Our modified algorithm works as follows. First, it chooses one of the four options with the respective (i.e., \({1}/{2}\), \({1}/{15}\), \({1}/{30}\), and \({2}/{5}\)) probabilities. Then:

  • If branch (1) is chosen, the algorithm sets \(p={1}/{e}\) for the sampling phase to obtain a sample set S. It then uses this sample set S to choose a threshold, and picks the first element arriving in \(N \setminus S\) with weight above the threshold (if any). As discussed above, since for the classical secretary problem the random assignment adversarial order setting is equivalent to the standard adversarial assignment random order setting, this procedure outputs an element of expected weight at least \({w_{\max }}/{e}\). Thus being equivalent to running branch (1) in the original algorithm.

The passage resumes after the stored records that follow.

(* Let $X$ be a normed linear space, $F:X\rightrightarrows\mathbb{R}^p$, $(x,y)\in\mathrm{gph}F$, with $F$ Lipschitz around $x$ and $y\in\mathcal{PE}(F(x),P)$, and let $S$ be a nonempty compact subset of $X\times\mathbb{R}^p$. Assume $$0\in\mathcal{E}\Big(\mathrm{cl}\Big(\bigcup_{(v,w)\in S}\big(w+D_\uparrow F((x,y);v)\big)\Big),P\Big)+P.$$ Then there exists $(v,w)\in S$ such that $-w\in DF_\uparrow((x,y);v)$.
   Context: $P\subset\mathbb{R}^p$ is a closed convex pointed cone containing $0$ with nonempty interior; $F_\uparrow(x)=F(x)+P$. $\mathcal{E}(S,P)=\{y\in S:(y-P)\cap S=\{y\}\}$; contingent cone $T_S(z)=\{v:\exists h_k\to0^+,\exists v_k\to v,z+h_kv_k\in S\}$; $\mathcal{PE}(S,P)=\{y\in\mathcal{E}(S,P):T_{S+P}(y)\cap(-P)=\{0\}\}$. $F$ is Lipschitz around $x$ if there are $l>0$ and a neighborhood $\mathcal{O}$ of $x$ with $F(x_1)\subset F(x_2)+l\|x_1-x_2\|\mathbf{B}$ for $x_1,x_2\in\mathcal{O}$. Contingent derivative $DF(x,y)$: graph $T_{\mathrm{gph}F}(x,y)$, value at $v$ written $DF((x,y);v)$. Generalized contingent epiderivative: $D_\uparrow F((x,y);v)=\mathcal{E}(DF_\uparrow((x,y);v),P)$ (empty if no minimal element exists). *)

theory Defs
  imports "HOL-Analysis.Analysis"
begin

definition ordering_cone :: "'b::euclidean_space set \<Rightarrow> bool" where
  "ordering_cone P \<longleftrightarrow> closed P \<and> convex P \<and> cone P \<and> 0 \<in> P \<and>
     P \<inter> uminus ` P = {0} \<and> interior P \<noteq> {}"

definition setplus :: "'b::ab_group_add set \<Rightarrow> 'b set \<Rightarrow> 'b set" (infixl "\<oplus>s" 65) where
  "A \<oplus>s B = {a + b | a b. a \<in> A \<and> b \<in> B}"

definition upper :: "('a \<Rightarrow> 'b::ab_group_add set) \<Rightarrow> 'b set \<Rightarrow> 'a \<Rightarrow> 'b set" where
  "upper F P x = F x \<oplus>s P"

definition eff :: "'b::ab_group_add set \<Rightarrow> 'b set \<Rightarrow> 'b set" where
  "eff S P = {y \<in> S. {y - q | q. q \<in> P} \<inter> S = {y}}"

definition contingent :: "'c::real_normed_vector set \<Rightarrow> 'c \<Rightarrow> 'c set" where
  "contingent S z = {v. \<exists>h u. (\<forall>k. h k > 0) \<and> h \<longlonglongrightarrow> 0 \<and> u \<longlonglongrightarrow> v \<and>
      (\<forall>k. z + h k *\<^sub>R u k \<in> S)}"

definition proper_eff :: "'b::euclidean_space set \<Rightarrow> 'b set \<Rightarrow> 'b set" where
  "proper_eff S P = {y \<in> eff S P. contingent (S \<oplus>s P) y \<inter> uminus ` P = {0}}"

definition gph :: "('a \<Rightarrow> 'b set) \<Rightarrow> ('a \<times> 'b) set" where
  "gph F = {(x, y). y \<in> F x}"

definition lipschitz_around :: "('a::real_normed_vector \<Rightarrow> 'b::real_normed_vector set) \<Rightarrow> 'a \<Rightarrow> bool" where
  "lipschitz_around F x \<longleftrightarrow> (\<exists>l>0. \<exists>U. open U \<and> x \<in> U \<and>
     (\<forall>x1\<in>U. \<forall>x2\<in>U. F x1 \<subseteq> F x2 \<oplus>s cball 0 (l * norm (x1 - x2))))"

definition cder :: "('a::real_normed_vector \<Rightarrow> 'b::real_normed_vector set) \<Rightarrow> 'a \<times> 'b \<Rightarrow> 'a \<Rightarrow> 'b set" where
  "cder F xy v = {w. (v, w) \<in> contingent (gph F) xy}"

definition gen_epider :: "('a::real_normed_vector \<Rightarrow> 'b::euclidean_space set) \<Rightarrow> 'b set \<Rightarrow> 'a \<times> 'b \<Rightarrow> 'a \<Rightarrow> 'b set" where
  "gen_epider F P xy v = eff (cder (upper F P) xy v) P"

end

theory Submission
  imports Defs
begin

(*
  Write D(v) = DF_+((x,y);v) for the contingent derivative of the upper
  (epigraphical) map F_+ = F + P, and U = \<Union>_{(v,w)\<in>S} (w + E(D(v),P)), where E(.,P) denotes the
  P-minimal points.

  1. The contingent cone of any set is closed; hence the graph of v \<mapsto> D(v) is closed.
  2. For a compact S and any set-valued map D with closed graph, the set
     \<Union>_{(v,w)\<in>S} (w + D(v)) is closed (extract a convergent subsequence of the (v,w)).
  3. D(v) is stable under adding elements of P, because F_+ already is.
  The hypothesis gives 0 = e + p with e \<in> cl U and p \<in> P.  Since minimal points of D(v)
  lie in D(v), U is contained in the closed set of step 2, so e = w + d with (v,w) \<in> S
  and d \<in> D(v); then -w = d + p \<in> D(v) by step 3.
*)

lemma contingent_iff:
  "v \<in> contingent S z \<longleftrightarrow>
    (\<forall>e>0. \<forall>d>0. \<exists>h u. 0 < h \<and> h < d \<and> dist u v < e \<and> z + h *\<^sub>R u \<in> S)"
proof
  assume "v \<in> contingent S z"
  then obtain h u where h: "\<forall>k. h k > 0" "h \<longlonglongrightarrow> 0" and u: "u \<longlonglongrightarrow> v"
    and mem: "\<forall>k. z + h k *\<^sub>R u k \<in> S"
    unfolding contingent_def by blast
  show "\<forall>e>0. \<forall>d>0. \<exists>h u. 0 < h \<and> h < d \<and> dist u v < e \<and> z + h *\<^sub>R u \<in> S"
  proof (intro allI impI)
    fix e d :: real assume "e > 0" "d > 0"
    have "eventually (\<lambda>k. dist (h k) 0 < d \<and> dist (u k) v < e) sequentially"
      using tendstoD[OF h(2) \<open>d > 0\<close>] tendstoD[OF u \<open>e > 0\<close>] by (rule eventually_conj)
    then obtain k where "dist (h k) 0 < d" "dist (u k) v < e"
      unfolding eventually_sequentially by auto
    then show "\<exists>h u. 0 < h \<and> h < d \<and> dist u v < e \<and> z + h *\<^sub>R u \<in> S"
      using h(1) mem by (intro exI[of _ "h k"] exI[of _ "u k"]) (auto simp: dist_real_def)
  qed
next
  assume approx: "\<forall>e>0. \<forall>d>0. \<exists>h u. 0 < h \<and> h < d \<and> dist u v < e \<and> z + h *\<^sub>R u \<in> S"
  have "\<forall>k. \<exists>h u. 0 < h \<and> h < inverse (real (Suc k)) \<and>
      dist u v < inverse (real (Suc k)) \<and> z + h *\<^sub>R u \<in> S"
  proof
    fix k :: nat
    have "inverse (real (Suc k)) > 0" by simp
    then show "\<exists>h u. 0 < h \<and> h < inverse (real (Suc k)) \<and>
        dist u v < inverse (real (Suc k)) \<and> z + h *\<^sub>R u \<in> S"
      using approx by blast
  qed
  then obtain h u where hu: "\<And>k. 0 < h k \<and> h k < inverse (real (Suc k)) \<and>
      dist (u k) v < inverse (real (Suc k)) \<and> z + h k *\<^sub>R u k \<in> S"
    by (metis (no_types))
  have "h \<longlonglongrightarrow> 0"
  proof (rule tendsto_sandwich[OF _ _ tendsto_const LIMSEQ_inverse_real_of_nat])
    show "\<forall>\<^sub>F k in sequentially. 0 \<le> h k"
      by (rule always_eventually) (meson hu less_imp_le)
    show "\<forall>\<^sub>F k in sequentially. h k \<le> inverse (real (Suc k))"
      by (rule always_eventually) (meson hu less_imp_le)
  qed
  moreover have "(\<lambda>k. dist (u k) v) \<longlonglongrightarrow> 0"
  proof (rule tendsto_sandwich[OF _ _ tendsto_const LIMSEQ_inverse_real_of_nat])
    show "\<forall>\<^sub>F k in sequentially. 0 \<le> dist (u k) v"
      by simp
    show "\<forall>\<^sub>F k in sequentially. dist (u k) v \<le> inverse (real (Suc k))"
      by (rule always_eventually) (meson hu less_imp_le)
  qed
  then have "u \<longlonglongrightarrow> v" using tendsto_dist_iff by blast
  ultimately show "v \<in> contingent S z"
    unfolding contingent_def using hu by blast
qed

text \<open>The contingent cone is closed: the approximate description above passes to limits.\<close>

lemma contingent_closed: "closed (contingent S z)"
proof -
  have "v \<in> contingent S z" if limit: "v \<in> closure (contingent S z)" for v
    unfolding contingent_iff
  proof (intro allI impI)
    fix e d :: real assume "e > 0" "d > 0"
    obtain v' where v': "v' \<in> contingent S z" "dist v' v < e/2"
      using limit \<open>e > 0\<close> unfolding closure_approachable by (meson half_gt_zero)
    obtain h u where "0 < h" "h < d" "dist u v' < e/2" "z + h *\<^sub>R u \<in> S"
      using v'(1) \<open>e > 0\<close> \<open>d > 0\<close> unfolding contingent_iff by (meson half_gt_zero)
    moreover have "dist u v < e"
      using dist_triangle[of u v v'] \<open>dist u v' < e/2\<close> v'(2) by linarith
    ultimately show "\<exists>h u. 0 < h \<and> h < d \<and> dist u v < e \<and> z + h *\<^sub>R u \<in> S" by blast
  qed
  then show ?thesis
    by (meson closure_subset_eq subsetI)
qed

lemma cder_graph_closed: "closed {(v, d). d \<in> cder G xy v}"
  using contingent_closed[of "gph G" xy] by (simp add: cder_def)

lemma closed_translated_union:
  fixes S :: "('a::real_normed_vector \<times> 'b::real_normed_vector) set" and D :: "'a \<Rightarrow> 'b set"
  assumes "compact S" and graph: "closed {(v, d). d \<in> D v}"
  shows "closed (\<Union>(v, w)\<in>S. {w} \<oplus>s D v)"
  unfolding closed_sequential_limits
proof (intro allI impI, elim conjE)
  fix f e assume mem: "\<forall>n. f n \<in> (\<Union>(v, w)\<in>S. {w} \<oplus>s D v)" and "f \<longlonglongrightarrow> e"
  have "\<forall>n. \<exists>vw d. vw \<in> S \<and> d \<in> D (fst vw) \<and> f n = snd vw + d"
    using mem by (fastforce simp: setplus_def)
  then obtain vw d where vw: "\<And>n. vw n \<in> S" and d: "\<And>n. d n \<in> D (fst (vw n))"
    and f: "\<And>n. f n = snd (vw n) + d n"
    by metis
  obtain v w r where "(v, w) \<in> S" "strict_mono r" and lim: "(vw \<circ> r) \<longlonglongrightarrow> (v, w)"
    using compact_imp_seq_compact[OF \<open>compact S\<close>] vw by (metis seq_compactE surj_pair)
  have "(f \<circ> r) \<longlonglongrightarrow> e"
    using \<open>f \<longlonglongrightarrow> e\<close> \<open>strict_mono r\<close> by (rule LIMSEQ_subseq_LIMSEQ)
  moreover have "(\<lambda>n. vw (r n)) \<longlonglongrightarrow> (v, w)"
    using lim by (simp add: o_def)
  ultimately have "(\<lambda>n. (fst (vw (r n)), f (r n) - snd (vw (r n)))) \<longlonglongrightarrow> (fst (v, w), e - snd (v, w))"
    unfolding o_def by (intro tendsto_Pair tendsto_diff tendsto_fst tendsto_snd)
  then have "(\<lambda>n. (fst (vw (r n)), f (r n) - snd (vw (r n)))) \<longlonglongrightarrow> (v, e - w)"
    by simp
  then have "(\<lambda>n. (fst (vw (r n)), d (r n))) \<longlonglongrightarrow> (v, e - w)"
    by (simp add: f)
  then have "e - w \<in> D v"
    using closed_sequentially[OF graph] d by fastforce
  then show "e \<in> (\<Union>(v, w)\<in>S. {w} \<oplus>s D v)"
    using \<open>(v, w) \<in> S\<close> unfolding setplus_def by force
qed

text \<open>The contingent derivative of the upper map \<open>F + P\<close> absorbs the convex cone \<open>P\<close>:
  moving the approximating points of the graph up by \<open>h\<^sub>k q\<close> keeps them in the graph.\<close>

lemma cder_upper_add_cone:
  assumes "convex P" "cone P" "d \<in> cder (upper F P) xy v" "q \<in> P"
  shows "d + q \<in> cder (upper F P) xy v"
proof -
  have add: "a + b \<in> P" if "a \<in> P" "b \<in> P" for a b
    using assms(1,2) that convex_cone by blast
  have scale: "c *\<^sub>R a \<in> P" if "a \<in> P" "c \<ge> 0" for a c
    using assms(2) that unfolding cone_def by blast
  obtain h u where h: "\<forall>k. h k > 0" "h \<longlonglongrightarrow> 0" and u: "u \<longlonglongrightarrow> (v, d)"
    and mem: "\<forall>k. xy + h k *\<^sub>R u k \<in> gph (upper F P)"
    using assms(3) unfolding cder_def contingent_def by blast
  have "(\<lambda>k. u k + (0, q)) \<longlonglongrightarrow> (v, d) + (0, q)"
    by (intro tendsto_add u tendsto_const)
  then have lim: "(\<lambda>k. u k + (0, q)) \<longlonglongrightarrow> (v, d + q)" by simp
  have "xy + h k *\<^sub>R (u k + (0, q)) \<in> gph (upper F P)" for k
  proof -
    obtain x' y' where xy': "xy + h k *\<^sub>R u k = (x', y')" by fastforce
    then obtain a b where "a \<in> F x'" "b \<in> P" "y' = a + b"
      using mem[rule_format, of k] unfolding gph_def upper_def setplus_def by force
    moreover have "b + h k *\<^sub>R q \<in> P"
      using add scale \<open>b \<in> P\<close> assms(4) h(1) less_imp_le by metis
    moreover have "xy + h k *\<^sub>R (u k + (0, q)) = (xy + h k *\<^sub>R u k) + (0, h k *\<^sub>R q)"
      by (simp add: scaleR_add_right add.assoc)
    then have "xy + h k *\<^sub>R (u k + (0, q)) = (x', a + (b + h k *\<^sub>R q))"
      using xy' \<open>y' = a + b\<close> by (simp add: add.assoc)
    ultimately show ?thesis unfolding gph_def upper_def setplus_def by auto
  qed
  then show ?thesis
    unfolding cder_def contingent_def using h lim by blast
qed

theorem proposition6p9:
  fixes F :: "'a::real_normed_vector \<Rightarrow> 'b::euclidean_space set"
    and P :: "'b set" and x :: 'a and y :: 'b and S :: "('a \<times> 'b) set"
  assumes "ordering_cone P"
    and "(x, y) \<in> gph F"
    and "lipschitz_around F x"
    and "y \<in> proper_eff (F x) P"
    and "compact S" and "S \<noteq> {}"
    and "0 \<in> eff (closure (\<Union>(v, w)\<in>S. {w} \<oplus>s gen_epider F P (x, y) v)) P \<oplus>s P"
  shows "\<exists>(v, w)\<in>S. - w \<in> cder (upper F P) (x, y) v"
proof -
  let ?D = "cder (upper F P) (x, y)"
  let ?V = "\<Union>(v, w)\<in>S. {w} \<oplus>s ?D v"
  obtain e p where e: "e \<in> closure (\<Union>(v, w)\<in>S. {w} \<oplus>s gen_epider F P (x, y) v)"
    and "p \<in> P" "e + p = 0"
    using assms(7) unfolding setplus_def eff_def by auto
  have "(\<Union>(v, w)\<in>S. {w} \<oplus>s gen_epider F P (x, y) v) \<subseteq> ?V"
    unfolding gen_epider_def eff_def setplus_def by blast
  moreover have "closed ?V"
    using closed_translated_union[OF assms(5) cder_graph_closed] .
  ultimately have "e \<in> ?V"
    using e closure_minimal by blast
  then obtain v w d where "(v, w) \<in> S" "d \<in> ?D v" "e = w + d"
    unfolding setplus_def by blast
  moreover have "d + p \<in> ?D v"
    using assms(1) \<open>d \<in> ?D v\<close> \<open>p \<in> P\<close>
    by (intro cder_upper_add_cone) (auto simp: ordering_cone_def)
  moreover have "d + p = - w"
    using \<open>e + p = 0\<close> \<open>e = w + d\<close> by (simp add: algebra_simps eq_neg_iff_add_eq_0)
  ultimately show ?thesis by auto
qed

end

  • If branch (2.i) is chosen, the algorithm sets \(p={(e+1)}/{2e}\) for the sampling phase to obtain a sample set S. This is equivalent to sampling first over N with probability \({1}/{2}\) as done in (2), and then sampling another \({1}/{e}\)-fraction over the remaining elements as done in (2.i). Let \(S'\) be a random subset of S obtained by subsampling each element of S with probability \({1}/{(e+1)}\) independently. Note that \(S'\) is then a random set containing each element of N with probability \({1}/{2e}\) independently. We then use \(S'\) to set a threshold, and select the first element arriving in \(N {\setminus } S\) with weight above the threshold (if any). This procedure is equivalent to running branch (2.i) in the original algorithm.

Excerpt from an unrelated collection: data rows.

lemma partial_sum_deriv:
  assumes A: "A \<subseteq> C" and t: "t \<in> {t0..<T0}"
  shows "(partial_sum A has_real_derivative (\<Sum>k\<in>A. \<Sum>l\<in>C-A. a k l t * (y l t - y k t)))
           (at t within {t0..<T0})"
proof -
  have "finite A" using A finite_C finite_subset by blast
  have "(partial_sum A has_real_derivative (\<Sum>k\<in>A. \<Sum>l\<in>C. a k l t * (y l t - y k t)))
      (at t within {t0..<T0})"
    unfolding partial_sum_def[abs_def] by (rule DERIV_sum) (use A t y_deriv in auto)
  moreover have "(\<Sum>k\<in>A. \<Sum>l\<in>C. a k l t * (y l t - y k t))
      = (\<Sum>k\<in>A. \<Sum>l\<in>C-A. a k l t * (y l t - y k t)) + (\<Sum>k\<in>A. \<Sum>l\<in>A. a k l t * (y l t - y k t))"
    by (simp only: sum.subset_diff[OF A finite_C] sum.distrib)
  ultimately show ?thesis using internal_flux_cancels[OF \<open>finite A\<close>] by simp
qed

lemma finite_subsets_card: "finite (subsets_card m)"
  unfolding subsets_card_def using finite_C by (auto intro: finite_subset[of _ "Pow C"])

lemma subsets_card_nonempty: "m \<le> card C \<Longrightarrow> subsets_card m \<noteq> {}"
  unfolding subsets_card_def using obtain_subset_with_card_n by blast

lemma partial_sum_le_top_sum: "A \<in> subsets_card m \<Longrightarrow> partial_sum A t \<le> top_sum m t"
  unfolding top_sum_def using finite_subsets_card by simp

lemma top_set_dominates:
  assumes "A \<subseteq> C" "k \<in> A" "l \<in> C - A" "partial_sum A t = top_sum (card A) t"
  shows "y l t \<le> y k t"
proof -
  have "finite A" using assms finite_C finite_subset by blast
  then have "card A > 0" using assms(2) card_gt_0_iff by blast
  define B where "B = insert l (A - {k})"
  have "B \<in> subsets_card (card A)"
    unfolding subsets_card_def B_def using assms \<open>finite A\<close> \<open>card A > 0\<close>
    by (auto simp: card_insert_if card_Diff_singleton)
  then have "partial_sum B t \<le> partial_sum A t" using partial_sum_le_top_sum assms(4) by simp
  moreover have "partial_sum B t = partial_sum A t - y k t + y l t"
    unfolding partial_sum_def B_def using assms \<open>finite A\<close> by (simp add: sum.remove[of A k])
  ultimately show ?thesis by simp
qed

text \<open>A maximising set loses mass only to smaller values, so every top sum is nonincreasing.\<close>

lemma top_sum_antimono:
  assumes "m \<le> card C" "t0 \<le> s" "s \<le> t" "t < T0"
  shows "top_sum m t \<le> top_sum m s"
  unfolding top_sum_def
proof (rule Max_antimono_if_deriv_nonpos_at_max[where S = "{t0..<T0}"])
  fix A u assume A: "A \<in> subsets_card m" and u: "u \<in> {t0..<T0}"
  then show "(partial_sum A has_real_derivative (\<Sum>k\<in>A. \<Sum>l\<in>C-A. a k l u * (y l u - y k u)))
      (at u within {t0..<T0})"
    unfolding subsets_card_def by (intro partial_sum_deriv) auto
  assume "partial_sum A u = Max ((\<lambda>B. partial_sum B u) ` subsets_card m)"
  then have "y l u \<le> y k u" if "k \<in> A" "l \<in> C - A" for k l
    using top_set_dominates[OF _ that] A unfolding top_sum_def subsets_card_def by auto
  then show "(\<Sum>k\<in>A. \<Sum>l\<in>C-A. a k l u * (y l u - y k u)) \<le> 0"
    by (intro sum_nonpos mult_nonneg_nonpos a_nonneg) auto
qed (use assms finite_subsets_card subsets_card_nonempty in auto)

lemma consensus_system_uminus: "consensus_system (\<lambda>k t. - y k t) a C t0 T0"
proof
  fix k t assume "k \<in> C" "t \<in> {t0..<T0}"
  from DERIV_minus[OF y_deriv[OF this]]
  show "((\<lambda>t. - y k t) has_real_derivative (\<Sum>l\<in>C. a k l t * (- y l t - - y k t)))
      (at t within {t0..<T0})"
    by (simp add: sum_negf[symmetric] algebra_simps)
qed (use finite_C t0_less a_nonneg a_sym in auto)

text \<open>The largest value of the negated system is nonincreasing, so the values are bounded below.\<close>

lemma values_bounded_below:
  obtains \<mu> where "\<And>k t. k \<in> C \<Longrightarrow> t \<in> {t0..<T0} \<Longrightarrow> \<mu> \<le> y k t"
proof (cases "C = {}")
  case False
  interpret neg: consensus_system "\<lambda>k t. - y k t" a C t0 T0 by (rule consensus_system_uminus)
  have "1 \<le> card C" using False finite_C by (simp add: Suc_le_eq card_gt_0_iff)
  show ?thesis
  proof (rule that[of "- neg.top_sum 1 t0"])
    fix k t assume k: "k \<in> C" and t: "t \<in> {t0..<T0}"
    have "{k} \<in> neg.subsets_card 1" unfolding neg.subsets_card_def using k by auto
    then have "neg.partial_sum {k} t \<le> neg.top_sum 1 t" by (rule neg.partial_sum_le_top_sum)
    also have "\<dots> \<le> neg.top_sum 1 t0" using neg.top_sum_antimono \<open>1 \<le> card C\<close> t by auto
    finally show "- neg.top_sum 1 t0 \<le> y k t" unfolding neg.partial_sum_def by simp
  qed
qed simp

definition top_limit :: "nat \<Rightarrow> real" where
  "top_limit m = Inf (top_sum m ` {t0..<T0})"

lemma tendsto_top_sum:
  assumes "m \<le> card C"
  shows "(top_sum m \<longlongrightarrow> top_limit m) (at_left T0)"
proof -
  obtain \<mu> where \<mu>: "\<And>k t. k \<in> C \<Longrightarrow> t \<in> {t0..<T0} \<Longrightarrow> \<mu> \<le> y k t"
    using values_bounded_below by blast
  have "real m * \<mu> \<le> top_sum m t" if "t \<in> {t0..<T0}" for t
  proof -
    obtain A where A: "A \<in> subsets_card m" using subsets_card_nonempty[OF assms] by auto
    then have "real m * \<mu> = (\<Sum>k\<in>A. \<mu>)" unfolding subsets_card_def by simp
    also have "\<dots> \<le> partial_sum A t"
      unfolding partial_sum_def using A \<mu> that by (intro sum_mono) (auto simp: subsets_card_def)
    also have "\<dots> \<le> top_sum m t" by (rule partial_sum_le_top_sum[OF A])
    finally show ?thesis .
  qed
  then show ?thesis
    unfolding top_limit_def
    by (intro antimono_bdd_below_tendsto_at_left top_sum_antimono assms t0_less) auto
qed

lemma top_sum_eq_partial_sum_of_upper_set:
  assumes "A \<subseteq> C" and upper: "\<And>p q. p \<in> A \<Longrightarrow> q \<in> C - A \<Longrightarrow> y q t \<le> y p t"
  shows "top_sum (card A) t = partial_sum A t"
proof -
  have "finite A" using assms finite_C finite_subset by blast
  have "partial_sum B t \<le> partial_sum A t" if "B \<in> subsets_card (card A)" for B
  proof -
    from that have "B \<subseteq> C" "card B = card A" unfolding subsets_card_def by auto
    then have "finite B" using finite_C finite_subset by blast
    have "card (B - A) = card (A - B)"
      using \<open>card B = card A\<close> \<open>finite A\<close> \<open>finite B\<close>
      by (metis Int_commute card_Diff_subset_Int finite_Int)
    have "(\<Sum>k\<in>B - A. y k t) \<le> (\<Sum>k\<in>A - B. y k t)"
    proof (cases "A - B = {}")
      case True
      then have "card (B - A) = 0" using \<open>card (B - A) = card (A - B)\<close> by (metis card.empty)
      then have "B - A = {}" using \<open>finite B\<close> by simp
      then show ?thesis using True by simp
    next
      case False
      define c where "c = Min ((\<lambda>p. y p t) ` (A - B))"
      have "c \<in> (\<lambda>p. y p t) ` (A - B)" unfolding c_def using \<open>finite A\<close> False by (intro Min_in) auto
      then have "(\<Sum>k\<in>B - A. y k t) \<le> of_nat (card (B - A)) * c"
        using upper \<open>B \<subseteq> C\<close> by (intro sum_bounded_above) auto
      also have "\<dots> \<le> (\<Sum>k\<in>A - B. y k t)"
        unfolding \<open>card (B - A) = card (A - B)\<close> c_def using \<open>finite A\<close>
        by (intro sum_bounded_below) auto
      finally show ?thesis .
    qed
    then show "partial_sum B t \<le> partial_sum A t"
      unfolding partial_sum_def using \<open>finite A\<close> \<open>finite B\<close>
      by (metis add_le_cancel_left sum.Int_Diff Int_commute)
  qed
  moreover have "A \<in> subsets_card (card A)" using \<open>A \<subseteq> C\<close> unfolding subsets_card_def by auto
  ultimately show ?thesis
    unfolding top_sum_def by (intro Max_eqI) (auto simp: finite_subsets_card)
qed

  • If branch (2.ii) is chosen, the algorithm sets \(p={1}/{2}\) to obtain a sample set S, and then runs \({\textrm{OSP}}(\left. \mathcal {M}\right| _{N \setminus S}, 1)\) on the remaining non-sampled elements. This does not have any impact on the uniform assignment of the weights w to the elements, since it only depends on the sampled elements S but not the weights of its elements. Thus, the RA-MSP subinstance given by \(\left. \mathcal {M}\right| _{N\setminus S}\) on which we use OSP indeed assigns weights of w uniformly at random to elements, as required. Since the guarantees of OSP hold under adversarial arrival order, this is equivalent to running branch (2.ii) in the original algorithm.

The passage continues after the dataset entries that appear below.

lemma has_bochner_integral_lin_prod_three_rows:
  "l < L \<Longrightarrow> k < L \<Longrightarrow> k' < L \<Longrightarrow> l \<noteq> k \<Longrightarrow> l \<noteq> k' \<Longrightarrow> k \<noteq> k' \<Longrightarrow>
     has_bochner_integral P (\<lambda>X. lin_prod vs (X l) * lin_prod ws (X k) * lin_prod zs (X k'))
       (M vs * M ws * M zs)"
  by (intro has_bochner_integral_data_law_three_rows s vec_poly_lin_prod integral_mixture_lin_prod)

lemma has_bochner_integral_quadratic_same_row:
  assumes l: "l < L"
  shows "has_bochner_integral P (\<lambda>X. q (X l) (X l) * (X l \<bullet> X l)) (N [u0, u0] + N [u1, u1])"
proof -
  have "(\<lambda>X. q (X l) (X l) * (X l \<bullet> X l)) = (\<lambda>X. (norm (X l))\<^sup>2 * lin_prod [u0, u0] (X l)
      + (norm (X l))\<^sup>2 * lin_prod [u1, u1] (X l))"
    by (simp add: fun_eq_iff proj_form_def lin_prod_Cons lin_prod_Nil power2_norm_eq_inner
        inner_commute algebra_simps)
  then show ?thesis
    by (simp add: has_bochner_integral_add has_bochner_integral_row_sqnorm_lin_prod l)
qed

lemma has_bochner_integral_quadratic_two_rows:
  assumes lk: "l < L" "k < L" "l \<noteq> k"
  shows "has_bochner_integral P (\<lambda>X. q (X l) (X k) * (X l \<bullet> X k)) (M [S u0, u0] + M [S u1, u1])"
proof -
  have "(\<lambda>X. q (X l) (X k) * (X l \<bullet> X k)) = (\<lambda>X. \<Sum>b\<in>Basis.
      lin_prod [b, u0] (X l) * lin_prod [b, u0] (X k) + lin_prod [b, u1] (X l) * lin_prod [b, u1] (X k))"
    by (simp add: fun_eq_iff inner_eq_sum_Basis[of "X l" "X k" for X] sum_distrib_left sum.distrib proj_form_def
        lin_prod_Cons lin_prod_Nil inner_commute algebra_simps)
  moreover have "has_bochner_integral P (\<lambda>X. \<Sum>b\<in>Basis.
      lin_prod [b, u0] (X l) * lin_prod [b, u0] (X k) + lin_prod [b, u1] (X l) * lin_prod [b, u1] (X k))
      (\<Sum>b\<in>Basis. M [b, u0] * M [b, u0] + M [b, u1] * M [b, u1])"
    by (intro has_bochner_integral_sum has_bochner_integral_add
        has_bochner_integral_lin_prod_two_rows lk)
  ultimately show ?thesis
    using sum_Basis_mixture_moment_pair[OF s, where ws="[u0]" and u=u0]
      sum_Basis_mixture_moment_pair[OF s, where ws="[u1]" and u=u1]
    by (simp add: sum.distrib)
qed

lemma has_bochner_integral_quartic_same_row:
  assumes l: "l < L"
  shows "has_bochner_integral P (\<lambda>X. q (X l) (X l) * q (X l) (X l) * (X l \<bullet> X l))
    (N [u0, u0, u0, u0] + 2 * N [u0, u0, u1, u1] + N [u1, u1, u1, u1])"
proof -
  have "(\<lambda>X. q (X l) (X l) * q (X l) (X l) * (X l \<bullet> X l)) = (\<lambda>X.
      (norm (X l))\<^sup>2 * lin_prod [u0, u0, u0, u0] (X l) + 2 * ((norm (X l))\<^sup>2 * lin_prod [u0, u0, u1, u1] (X l))
      + (norm (X l))\<^sup>2 * lin_prod [u1, u1, u1, u1] (X l))"
    by (simp add: fun_eq_iff proj_form_def lin_prod_Cons lin_prod_Nil power2_norm_eq_inner
        inner_commute algebra_simps)
  then show ?thesis
    by (simp add: has_bochner_integral_add has_bochner_integral_mult_right
        has_bochner_integral_row_sqnorm_lin_prod l)
qed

  • Finally, if branch (2.iii) is chosen, the algorithm sets \(p={3}/{4}\) to obtain a sample set \(\overline{S}\). Let \(S'\) be a random subset of \(\overline{S}\) obtained by subsampling each element of \(\overline{S}\) with probability \({2}/{3}\) independently. Note that \(S'\) is then a random set containing each element of N with probability \({1}/{2}\) independently, while \(\tilde{S} {:=}\overline{S} \setminus S'\) is random set containing each element of N with probability \({1}/{4}\). We then use \(S'\) to simulate the sample set S used in branch (2) of the original algorithm, and \(\tilde{S}\) to simulate the sample set \(S'\) used in branch (2.iii) of the original algorithm. As discussed in the case above, this construction does not have any impact on the uniform assignment of the weights w to the elements. Thus, the RA-MSP subinstance given by \(\left. \mathcal {M}\right| _{N\setminus \overline{S}}\) on which we use OSP indeed assigns weights of w uniformly at random to elements, as required. Finally, using that the guarantees of OSP hold under adversarial arrival order, it follows that this procedure is equivalent to running branch (2.iii) in the original algorithm.